Si nous n’agissons pas, la situation finira par atteindre un point de non-retour. Pour l’instant, les parcs à déchets plastiques occupent une bonne partie de la planète. Ils tournent sans contrôle, car ils sont piégés par les courants des cinq plus grands gyres ou tourbillons océaniques. Même si nous arrêtions, les plastiques existants ne se décomposeront pas avant mille ans.
En revanche, cela ne résout pas le problème. Sa dégradation altère terriblement l’écosystème marin, car elle libère des produits chimiques toxiques dont les effets sont étudiés avec des résultats très déplorables. On sait par exemple que certains plastiques qui se dégradent précocement libèrent des dérivés de BPA ou de styrène, ce qui altère le fonctionnement de diverses hormones et provoque des problèmes de reproduction chez la faune.

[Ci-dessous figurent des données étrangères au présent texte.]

(* Let $u(t)=\sum_{i=1}^M s_i(t)e^{j2\pi f_it}$ be a signal in the class $\mathcal{M}_2$ described in the context, observed by the L-shaped array described in the context with $N$ sensors along each axis and spacing $d$. Define $\mathbf{R}_1=\mathbb{E}[\mathbf{x}_1\mathbf{z}_1^H]$, $\mathbf{R}_2=\mathbb{E}[\mathbf{x}_2\mathbf{z}_1^H]$, $\mathbf{R}_3=\mathbb{E}[\mathbf{x}_1\mathbf{z}_2^H]$ and $\mathbf{R}=[\mathbf{R}_1^T\ \mathbf{R}_2^T\ \mathbf{R}_3^T]^T\in\mathbb{C}^{3(N-1)\times(N-1)}$, and let $\mathbf{U}_1\in\mathbb{C}^{3(N-1)\times M}$ be the matrix of left singular vectors of $\mathbf{R}$ corresponding to its $M$ largest singular values. If (c1) $d\le\frac{c}{f_{\text{Nyq}}}$ and (c2) $N>M$, then there exists an invertible $M\times M$ matrix $\mathbf{T}$ such that $$\mathbf{U}_1=\begin{bmatrix}\mathbf{A}_{x_1}\\ \mathbf{A}_{x_1}\boldsymbol{\Phi}\\ \mathbf{A}_{x_1}\boldsymbol{\Psi}^H\end{bmatrix}\mathbf{T}.$$
   Context: Class $\mathcal{M}_2$: $u$ is complex valued with Fourier transform supported in $[-f_{\text{Nyq}}/2,f_{\text{Nyq}}/2]$, each $s_i$ has Fourier transform supported in $[-B/2,B/2]$, $\min_{i\neq j}|f_i-f_j|>B$; the $s_i$ are wide-sense stationary, zero mean, mutually uncorrelated, with $\mathbb{E}[|s_i(t)|^2]\neq 0$; transmission $i$ lies in the $xz$-plane with unknown angle of arrival $\theta_i$, $|\theta_i|<90^\circ$ (measured from the positive $x$ axis), and the electronic angles are distinct: $f_i\cos\theta_i\neq f_j\cos\theta_j$ and $f_i\sin\theta_i\neq f_j\sin\theta_j$ for $i\neq j$. $c>0$ is the propagation speed. L-shaped array: two orthogonal uniform linear arrays (along $x$ and $z$), $N$ sensors each with a common sensor at the origin, spacing $d$; every sensor multiplies its received signal by the same periodic function $p(t)$, low-pass filters and samples at rate $f_s$. With $\tau_n^x(\theta)=\frac{dn}{c}\cos\theta$, $\tau_n^z(\theta)=\frac{dn}{c}\sin\theta$, the samples satisfy $\mathbf{x}[k]=\mathbf{A}_x\mathbf{w}[k]$, $\mathbf{z}[k]=\mathbf{A}_z\mathbf{w}[k]$, where $(\mathbf{A}_x)_{n,i}=e^{j2\pi f_i\tau_n^x(\theta_i)}$, $(\mathbf{A}_z)_{n,i}=e^{j2\pi f_i\tau_n^z(\theta_i)}$, $n=1,\dots,N$, and $\mathbf{w}[k]\in\mathbb{C}^M$ has entries $w_i[k]=\tilde s_i(k/f_s)$ ($\tilde s_i$ the filtered version of $s_i(t)e^{j2\pi f_it}p(t)$); $\mathbf{R}_w=\mathbb{E}[\mathbf{w}\mathbf{w}^H]$ is diagonal with nonzero diagonal entries. $\mathbf{x}_1,\mathbf{A}_{x_1}$ (resp. $\mathbf{x}_2,\mathbf{A}_{x_2}$) are the first (resp. last) $N-1$ rows of $\mathbf{x},\mathbf{A}_x$; likewise $\mathbf{z}_1,\mathbf{z}_2,\mathbf{A}_{z_1},\mathbf{A}_{z_2}$. $\boldsymbol{\Phi}=\mathrm{diag}(e^{j2\pi f_i\tau_1^x(\theta_i)})_{i=1}^M$, $\boldsymbol{\Psi}=\mathrm{diag}(e^{j2\pi f_i\tau_1^z(\theta_i)})_{i=1}^M$, so $\mathbf{A}_{x_2}=\mathbf{A}_{x_1}\boldsymbol{\Phi}$, $\mathbf{A}_{z_2}=\mathbf{A}_{z_1}\boldsymbol{\Psi}$. *)

theory Defs
  imports "HOL-Probability.Probability" "Jordan_Normal_Form.Matrix"
begin
definition time_change :: "real \<Rightarrow> real \<Rightarrow> real" where
  "time_change \<mu> t = (1 - exp (- \<mu> * t)) / \<mu>"

lemma time_change_0 [simp]: "time_change \<mu> 0 = 0"
  by (simp add: time_change_def)

lemma time_change_nonneg: "\<mu> > 0 \<Longrightarrow> t \<ge> 0 \<Longrightarrow> time_change \<mu> t \<ge> 0"
  by (simp add: time_change_def)

lemma has_real_derivative_time_change:
  "\<mu> \<noteq> 0 \<Longrightarrow> (time_change \<mu> has_real_derivative exp (- \<mu> * t)) (at t within S)"
  unfolding time_change_def by (auto intro!: derivative_eq_intros simp: field_simps)

lemma has_real_derivative_comp_time_change:
  assumes "\<mu> > 0" and "t \<ge> 0"
    and F: "\<And>s. s \<ge> 0 \<Longrightarrow> (F has_real_derivative F' s) (at s within {0..})"
  shows "((\<lambda>t. F (time_change \<mu> t)) has_real_derivative F' (time_change \<mu> t) * exp (- \<mu> * t))
           (at t within {0..})"
proof -
  have "time_change \<mu> ` {0..} \<subseteq> {0..}"
    using assms(1) time_change_nonneg by auto
  then have "(F has_real_derivative F' (time_change \<mu> t)) (at (time_change \<mu> t) within time_change \<mu> ` {0..})"
    using DERIV_subset F time_change_nonneg assms(1,2) by blast
  from DERIV_image_chain[OF this has_real_derivative_time_change] assms(1)
  show ?thesis by (simp add: o_def)
qed

lemma continuous_on_comp_time_change:
  assumes "\<mu> > 0" and "continuous_on {0..} F"
  shows "continuous_on {0..} (\<lambda>t. F (time_change \<mu> t))"
proof -
  have "continuous_on {0..} (time_change \<mu>)"
    using assms(1) by (intro DERIV_continuous_on[OF has_real_derivative_time_change]) simp
  moreover have "time_change \<mu> ` {0..} \<subseteq> {0..}"
    using assms(1) time_change_nonneg by auto
  ultimately show ?thesis
    using continuous_on_compose2[OF assms(2)] by blast
qed
section \<open>Refinement of partitions\<close>

text \<open>A partition of an interval is the list of the lengths of its consecutive pieces;
\<open>refines R P\<close> says that \<open>R\<close> arises from \<open>P\<close> by subdividing every piece.\<close>

inductive refines :: "real list \<Rightarrow> real list \<Rightarrow> bool" where
  refines_Nil: "refines [] []"
| refines_append: "refines R P \<Longrightarrow> g \<noteq> [] \<Longrightarrow> refines (g @ R) (sum_list g # P)"

lemma refines_sum_list: "refines R P \<Longrightarrow> sum_list R = sum_list P"
  by (induction rule: refines.induct) auto

lemma refines_Nil_iff: "refines R [] \<longleftrightarrow> R = []"
  using refines.cases refines_Nil by blast

lemma refines_nonempty: "refines R P \<Longrightarrow> P \<noteq> [] \<Longrightarrow> R \<noteq> []"
  by (induction rule: refines.induct) auto

lemma refines_ConsE:
  assumes "refines R (p # P)"
  obtains g R' where "R = g @ R'" "g \<noteq> []" "sum_list g = p" "refines R' P"
  using assms by (cases rule: refines.cases) auto

lemma sum_list_pos: "xs \<noteq> [] \<Longrightarrow> \<forall>x\<in>set xs. x > 0 \<Longrightarrow> sum_list xs > (0::real)"
  by (induction xs rule: list_nonempty_induct) auto

lemma refines_pos: "refines R P \<Longrightarrow> \<forall>x\<in>set R. x > 0 \<Longrightarrow> \<forall>x\<in>set P. x > 0"
  by (induction rule: refines.induct) (auto intro: sum_list_pos)

lemma refines_singleton: "g \<noteq> [] \<Longrightarrow> refines g [sum_list g]"
  using refines_append[OF refines_Nil, of g] by simp

lemma refines_Cons_Cons: "refines R P \<Longrightarrow> refines (p # R) (p # P)"
  using refines_append[of R P "[p]"] by simp

lemma refines_Cons_diff:
  assumes "refines R ((q - p) # Q)"
  shows "refines (p # R) (q # Q)"
proof -
  obtain g R' where "R = g @ R'" "g \<noteq> []" "sum_list g = q - p" "refines R' Q"
    using assms by (rule refines_ConsE)
  then show ?thesis using refines_append[of R' Q "p # g"] by simp
qed

lemma common_refinement:
  assumes "\<forall>x\<in>set P. x > 0" "\<forall>x\<in>set Q. x > 0" "P \<noteq> []" "Q \<noteq> []" "sum_list P = sum_list Q"
  shows "\<exists>R. (\<forall>x\<in>set R. x > 0) \<and> refines R P \<and> refines R Q"
  using assms
proof (induction "length P + length Q" arbitrary: P Q rule: less_induct)
  case less
  obtain p P' q Q' where P: "P = p # P'" and Q: "Q = q # Q'"
    using less.prems(3,4) by (meson neq_Nil_conv)
  have pos: "p > 0" "q > 0" "\<forall>x\<in>set P'. x > 0" "\<forall>x\<in>set Q'. x > 0"
    using less.prems(1,2) P Q by auto
  have sums: "sum_list P' \<ge> 0" "sum_list Q' \<ge> 0"
    using pos(3,4) by (meson less_imp_le sum_list_nonneg)+
  have Nil_iff: "xs = [] \<longleftrightarrow> sum_list xs = 0" if "\<forall>x\<in>set xs. x > (0::real)" for xs
    using sum_list_pos[of xs] that by force
  consider "p = q" | "p < q" | "q < p" by linarith
  then show ?case
  proof cases
    case 1
    show ?thesis
    proof (cases "P' = []")
      case True
      then have "Q' = []" using less.prems(5) P Q 1 Nil_iff[OF pos(4)] by simp
      then show ?thesis
        using True P Q 1 pos refines_singleton[of "[p]"] by (intro exI[of _ "[p]"]) auto
    next
      case False
      then have "Q' \<noteq> []" using less.prems(5) P Q 1 Nil_iff[OF pos(3)] Nil_iff[OF pos(4)] by simp
      then obtain R where "\<forall>x\<in>set R. x > 0" "refines R P'" "refines R Q'"
        using less.hyps[of P' Q'] False pos less.prems(5) P Q 1 by auto
      then show ?thesis using P Q 1 pos refines_Cons_Cons by (intro exI[of _ "p # R"]) auto
    qed
  next
    case 2
    have "P' \<noteq> []" using less.prems(5) P Q 2 sums by auto
    then obtain R where "\<forall>x\<in>set R. x > 0" "refines R P'" "refines R ((q - p) # Q')"
      using less.hyps[of P' "(q - p) # Q'"] pos 2 less.prems(5) P Q by auto
    then show ?thesis
      using P Q pos refines_Cons_Cons refines_Cons_diff by (intro exI[of _ "p # R"]) auto
  next
    case 3
    have "Q' \<noteq> []" using less.prems(5) P Q 3 sums by auto
    then obtain R where "\<forall>x\<in>set R. x > 0" "refines R ((p - q) # P')" "refines R Q'"
      using less.hyps[of "(p - q) # P'" Q'] pos 3 less.prems(5) P Q by auto
    then show ?thesis
      using P Q pos refines_Cons_Cons refines_Cons_diff by (intro exI[of _ "q # R"]) auto
  qed
qed

definition uniform_partition :: "nat \<Rightarrow> real \<Rightarrow> real list" where
  "uniform_partition n t = replicate (Suc n) (t / real (Suc n))"

lemma uniform_partition_nonempty: "uniform_partition n t \<noteq> []"
  by (simp add: uniform_partition_def)

lemma uniform_partition_pos: "t > 0 \<Longrightarrow> \<forall>d\<in>set (uniform_partition n t). d > 0"
  by (simp add: uniform_partition_def)

lemma sum_list_uniform_partition: "sum_list (uniform_partition n t) = t"
proof -
  have "real (Suc n) * (t / real (Suc n)) = t" by (simp del: of_nat_Suc)
  then show ?thesis unfolding uniform_partition_def sum_list_replicate by simp
qed

lemma uniform_partition_Suc:
  "uniform_partition (Suc n) t = t / real (Suc (Suc n)) # uniform_partition n ((1 - 1 / real (Suc (Suc n))) * t)"
proof -
  have "(1 - 1 / real (Suc (Suc n))) * t / real (Suc n) = t / real (Suc (Suc n))"
    by (simp add: field_simps del: of_nat_Suc) (simp add: algebra_simps)
  then show ?thesis by (simp add: uniform_partition_def del: of_nat_Suc)
qed
(* Let $G$ be a $4$-graph. Then $G$ is $\mathscr C_2^{(4)}$-hom-free if and only if there is a function $c$ assigning to every $3$-element subset $T$ of $V(G)$ either the label "blue" or one of the three vertices of $T$, such that for every edge $e\in E(G)$ there is a vertex $v\in e$ for which $c(T)=v$ for each of the three $3$-subsets $T\subset e$ containing $v$, and $c(e\setminus\{v\})=$ "blue".
   Context: A $4$-graph is a $4$-uniform hypergraph. For $\ell>4$, the tight cycle $C_\ell^{(4)}$ has vertices $v_1,\dots,v_\ell$ and edges $\{v_i,v_{i+1},v_{i+2},v_{i+3}\}$ for $1\le i\le\ell$ (indices modulo $\ell$). A homomorphism $F\to G$ of $r$-graphs is a map $\phi:V(F)\to V(G)$ such that for every edge $\{x_1,\dots,x_r\}$ of $F$, the image $\{\phi(x_1),\dots,\phi(x_r)\}$ is an edge of $G$ (in particular these $r$ images are distinct). $G$ is $F$-hom-free if there is no homomorphism $F\to G$, and it is hom-free with respect to a family if it is $F$-hom-free for every member $F$. $\mathscr C_k^{(r)}$ denotes the family of all tight cycles $C_\ell^{(r)}$ with $\ell>r$ and $\ell\equiv k\pmod r$. *)

theory Defs
  imports Main
begin

definition r_graph :: "nat \<Rightarrow> 'a set \<times> 'a set set \<Rightarrow> bool" where
  "r_graph r G \<longleftrightarrow> finite (fst G) \<and> (\<forall>e\<in>snd G. e \<subseteq> fst G \<and> card e = r)"

definition is_hom :: "'b set \<times> 'b set set \<Rightarrow> 'a set \<times> 'a set set \<Rightarrow> ('b \<Rightarrow> 'a) \<Rightarrow> bool" where
  "is_hom F G \<phi> \<longleftrightarrow> (\<forall>x\<in>fst F. \<phi> x \<in> fst G) \<and>
     (\<forall>f\<in>snd F. \<phi> ` f \<in> snd G \<and> card (\<phi> ` f) = card f)"

definition hom_free :: "'a set \<times> 'a set set \<Rightarrow> 'b set \<times> 'b set set \<Rightarrow> bool" where
  "hom_free G F \<longleftrightarrow> \<not> (\<exists>\<phi>. is_hom F G \<phi>)"

definition tight_cycle :: "nat \<Rightarrow> nat \<Rightarrow> nat set \<times> nat set set" where
  "tight_cycle r l = ({..<l}, {{(i + j) mod l | j. j < r} | i. i < l})"

definition tight_cycle_family :: "nat \<Rightarrow> nat \<Rightarrow> (nat set \<times> nat set set) set" where
  "tight_cycle_family r k = {tight_cycle r l | l. l > r \<and> l mod r = k mod r}"

definition family_hom_free :: "'a set \<times> 'a set set \<Rightarrow> ('b set \<times> 'b set set) set \<Rightarrow> bool" where
  "family_hom_free G \<F> \<longleftrightarrow> (\<forall>F\<in>\<F>. hom_free G F)"

end

theory Submission
  imports Defs
begin
(* For any signature $\Sigma$, the map $r_{A_p(\Sigma)}:\mathbf N(T(\Sigma))\to\mathbb K\langle A_p(\Sigma)\rangle$ is injective.
   Context: $\mathbb K$ is a field of characteristic zero. A signature is a set $\Sigma$ with arity map $|\cdot|:\Sigma\to\mathbb N$. A $\Sigma$-term is the leaf $\bot$ or $s(t_1,\dots,t_n)$ with $s$ of arity $n$, $t_i$ terms; degree = number of internal nodes. A $\Sigma$-forest is a finite word of terms; reduced if no term is $\bot$. $\mathbf N(T(\Sigma))$ is the vector space (natural Hopf algebra of the free operad) with basis $E_f$ indexed by reduced $\Sigma$-forests $f$. Internal nodes of a forest $f$ are identified with $1,\dots,\deg f$ by left-to-right preorder; $d_f(i)$ is the decoration of $i$; $i\to^f_j i'$ means $i'$ is the $j$-th child of $i$; roots are the roots of the terms. A $\Sigma$-forest-like alphabet is a set $A$ with arbitrary: subset $R^A$, subsets $D^A_s$ ($s\in\Sigma$), binary relations $\to^A_j$ ($j\ge1$). $\mathbb K\langle A\rangle$: noncommutative polynomials with possibly infinite support and bounded degree. A word $w\in A^*$ is $A$-compatible with $f$ if it has length $\deg f$, $w(i)\in R^A$ for each root $i$, $w(i)\in D^A_{d_f(i)}$ for each node $i$, and $i\to^f_j i'$ implies $w(i)\to^A_j w(i')$; $r_A$ is the linear map with $r_A(E_f)=\sum_{w\in A^*}[w\ A\text{-compatible with }f]\,w$. The alphabet of positions $A_p(\Sigma)=\{a^s_u: s\in\Sigma,\ u\in\mathbb N^*\}$ has root relation $\{a^s_{0^\ell}:s\in\Sigma,\ell\in\mathbb N\}$, $D_s=\{a^s_u:u\in\mathbb N^*\}$, and $a^s_u\to_j a^{s'}_v$ iff $v=u\,j\,0^\ell$ for some $\ell\in\mathbb N$. *)

theory Defs
  imports Main
begin

text \<open>A signature is a type 's of symbols together with an arity map ar :: 's => nat.\<close>

datatype 's trm = Leaf | Node 's "'s trm list"

fun wf_trm :: "('s \<Rightarrow> nat) \<Rightarrow> 's trm \<Rightarrow> bool" where
  "wf_trm ar Leaf = True"
| "wf_trm ar (Node s ts) = (length ts = ar s \<and> (\<forall>t\<in>set ts. wf_trm ar t))"

type_synonym 's forest = "'s trm list"

definition wf_forest :: "('s \<Rightarrow> nat) \<Rightarrow> 's forest \<Rightarrow> bool" where
  "wf_forest ar f = (\<forall>t\<in>set f. wf_trm ar t)"

definition reduced :: "'s forest \<Rightarrow> bool" where
  "reduced f = (\<forall>t\<in>set f. t \<noteq> Leaf)"

text \<open>Internal nodes in left-to-right preorder, each given by its path (list of
  1-based child indices; for a forest the first entry is the index of the tree)
  together with its decoration.\<close>

fun nodes_trm :: "'s trm \<Rightarrow> (nat list \<times> 's) list"
and nodes_list :: "nat \<Rightarrow> 's trm list \<Rightarrow> (nat list \<times> 's) list" where
  "nodes_trm Leaf = []"
| "nodes_trm (Node s ts) = ([], s) # nodes_list 1 ts"
| "nodes_list k [] = []"
| "nodes_list k (t # ts) = map (\<lambda>(p, d). (k # p, d)) (nodes_trm t) @ nodes_list (Suc k) ts"

definition nodes :: "'s forest \<Rightarrow> (nat list \<times> 's) list" where
  "nodes f = nodes_list 1 f"

text \<open>Node i (0-based here, i < deg f) is
  nodes f ! i; its decoration is snd (nodes f ! i); it is a root iff its path has
  length 1; node i' is the j-th child of node i iff path i' = path i @ [j].\<close>

definition deg :: "'s forest \<Rightarrow> nat" where
  "deg f = length (nodes f)"

text \<open>An alphabet is given by a letter type 'a with RA (roots), DA s (decorations)
  and relA j (the relation ->_j).\<close>

definition compatible ::
  "'a set \<Rightarrow> ('s \<Rightarrow> 'a set) \<Rightarrow> (nat \<Rightarrow> 'a \<Rightarrow> 'a \<Rightarrow> bool) \<Rightarrow> 'a list \<Rightarrow> 's forest \<Rightarrow> bool" where
  "compatible RA DA relA w f \<longleftrightarrow>
     length w = deg f \<and>
     (\<forall>i<deg f. length (fst (nodes f ! i)) = 1 \<longrightarrow> w ! i \<in> RA) \<and>
     (\<forall>i<deg f. w ! i \<in> DA (snd (nodes f ! i))) \<and>
     (\<forall>i<deg f. \<forall>i'<deg f. \<forall>j. fst (nodes f ! i') = fst (nodes f ! i) @ [j]
          \<longrightarrow> relA j (w ! i) (w ! i'))"
lemma op_poly_pow_Suc: "op_poly_pow ps (Suc n) = op_poly_comp ps (op_poly_pow ps n)"
  by (simp only: op_poly_pow_def funpow.simps comp_apply)

context quat_hilbert
begin

definition op_poly_eval :: "'h op_poly \<Rightarrow> complex \<Rightarrow> 'h \<Rightarrow> 'h" where
  "op_poly_eval ps z x = (\<Sum>(d, C)\<leftarrow>ps. csmul (z ^ d) (C x))"

definition op_poly_coeff :: "'h op_poly \<Rightarrow> nat \<Rightarrow> 'h \<Rightarrow> 'h" where
  "op_poly_coeff ps k x = (\<Sum>(d, C)\<leftarrow>ps. if d = k then C x else 0)"

definition linear_op_poly :: "'h op_poly \<Rightarrow> bool" where
  "linear_op_poly ps \<longleftrightarrow> (\<forall>(d, C) \<in> set ps. right_linear smul C)"

lemma linear_op_poly_comp:
  "linear_op_poly ps \<Longrightarrow> linear_op_poly qs \<Longrightarrow> linear_op_poly (op_poly_comp ps qs)"
  by (auto simp: linear_op_poly_def op_poly_comp_def intro: right_linear_comp[unfolded comp_def])

lemma linear_op_poly_pow: "linear_op_poly ps \<Longrightarrow> linear_op_poly (op_poly_pow ps n)"
  by (induction n) (simp_all add: op_poly_pow_def linear_op_poly_comp,
      simp add: linear_op_poly_def right_linear_id)

lemma op_poly_eval_comp:
  assumes "linear_op_poly ps"
  shows "op_poly_eval (op_poly_comp ps qs) z x = op_poly_eval ps z (op_poly_eval qs z x)"
  using assms
proof (induction ps)
  case Nil
  then show ?case
    by (simp add: op_poly_eval_def op_poly_comp_def)
next
  case (Cons p ps)
  obtain d C where p: "p = (d, C)"
    by fastforce
  with Cons.prems have C: "right_linear smul C" and ps: "linear_op_poly ps"
    by (simp_all add: linear_op_poly_def)
  have "(\<Sum>(e, D)\<leftarrow>qs. csmul (z ^ (d + e)) (C (D x))) = csmul (z ^ d) (C (op_poly_eval qs z x))"
    by (induction qs) (auto simp: op_poly_eval_def right_linear_add right_linear_zero
        right_linear_csmul[OF C] csmul_add csmul_csmul power_add mult.commute C)
  then show ?case
    using Cons.IH[OF ps] by (simp add: p op_poly_comp_Cons op_poly_eval_def split_def comp_def)
qed

lemma op_poly_coeff_comp:
  assumes "linear_op_poly ps"
  shows "op_poly_coeff (op_poly_comp ps qs) k x =
    (\<Sum>i\<le>k. op_poly_coeff ps i (op_poly_coeff qs (k - i) x))"
  using assms
proof (induction ps)
  case Nil
  then show ?case
    by (simp add: op_poly_coeff_def op_poly_comp_def)
next
  case (Cons p ps)
  obtain d C where p: "p = (d, C)"
    by fastforce
  with Cons.prems have C: "right_linear smul C" and ps: "linear_op_poly ps"
    by (simp_all add: linear_op_poly_def)
  have "(\<Sum>(e, D)\<leftarrow>qs. if d + e = k then C (D x) else 0) =
      (\<Sum>i\<le>k. if d = i then C (op_poly_coeff qs (k - i) x) else 0)"
  proof (cases "d \<le> k")
    case True
    have "(\<Sum>(e, D)\<leftarrow>qs. if d + e = k then C (D x) else 0) = C (op_poly_coeff qs (k - d) x)"
      using True by (induction qs) (auto simp: op_poly_coeff_def right_linear_add[OF C]
          right_linear_zero[OF C])
    then show ?thesis
      using True by simp
  next
    case False
    then show ?thesis
      by (induction qs) auto
  qed
  then show ?case
    using Cons.IH[OF ps]
    by (simp add: p op_poly_comp_Cons op_poly_coeff_def split_def comp_def sum.distrib
        if_distrib[of C] right_linear_sum_list[OF C] right_linear_zero[OF C] cong: if_cong)
qed

lemma op_poly_coeff_comp_1:
  assumes "linear_op_poly ps"
  shows "op_poly_coeff (op_poly_comp ps qs) 1 x =
    op_poly_coeff ps 0 (op_poly_coeff qs 1 x) + op_poly_coeff ps 1 (op_poly_coeff qs 0 x)"
  by (simp add: op_poly_coeff_comp[OF assms] atMost_Suc)

lemma op_poly_eval_pow:
  assumes "linear_op_poly ps"
  shows "op_poly_eval (op_poly_pow ps n) z x = (op_poly_eval ps z ^^ n) x"
proof (induction n arbitrary: x)
  case 0
  then show ?case
    by (simp add: op_poly_pow_def op_poly_eval_def)
next
  case (Suc n)
  then show ?case
    by (simp add: op_poly_pow_Suc op_poly_eval_comp[OF assms])
qed

lemma op_poly_coeff_pow:
  assumes "linear_op_poly ps" and "\<And>x. op_poly_coeff ps 0 x = x"
  shows "op_poly_coeff (op_poly_pow ps n) 0 x = x"
    and "op_poly_coeff (op_poly_pow ps n) 1 x = csmul (of_nat n) (op_poly_coeff ps 1 x)"
proof -
  have "\<forall>x. op_poly_coeff (op_poly_pow ps n) 0 x = x \<and>
    op_poly_coeff (op_poly_pow ps n) 1 x = csmul (of_nat n) (op_poly_coeff ps 1 x)"
  proof (induction n)
    case 0
    then show ?case
      by (simp add: op_poly_pow_def op_poly_coeff_def)
  next
    case (Suc n)
    then show ?case
      by (simp add: op_poly_pow_Suc op_poly_coeff_comp[OF assms(1)] assms(2) csmul_scalar_add
          add.commute)
  qed
  then show "op_poly_coeff (op_poly_pow ps n) 0 x = x"
    and "op_poly_coeff (op_poly_pow ps n) 1 x = csmul (of_nat n) (op_poly_coeff ps 1 x)"
    by simp_all
qed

Dans EcologyVerde, nous montrons 5 inventions pour nettoyer les océans du plastique.
Dimensions inconnues
« Un nouvel habitat a été créé, une situation horrible sans précédent dans l’histoire de la planète », déclare Mike Moore, chercheur à l’Institut de recherche marine Algalita en Californie, aux États-Unis. L’expert souligne les soi-disant « soupes de plastique », dans lesquelles la faune marine est obligée de vivre, dans un environnement qui comporte également des risques de noyade et d’accidents qui mettent fin à la vie de nombreux animaux.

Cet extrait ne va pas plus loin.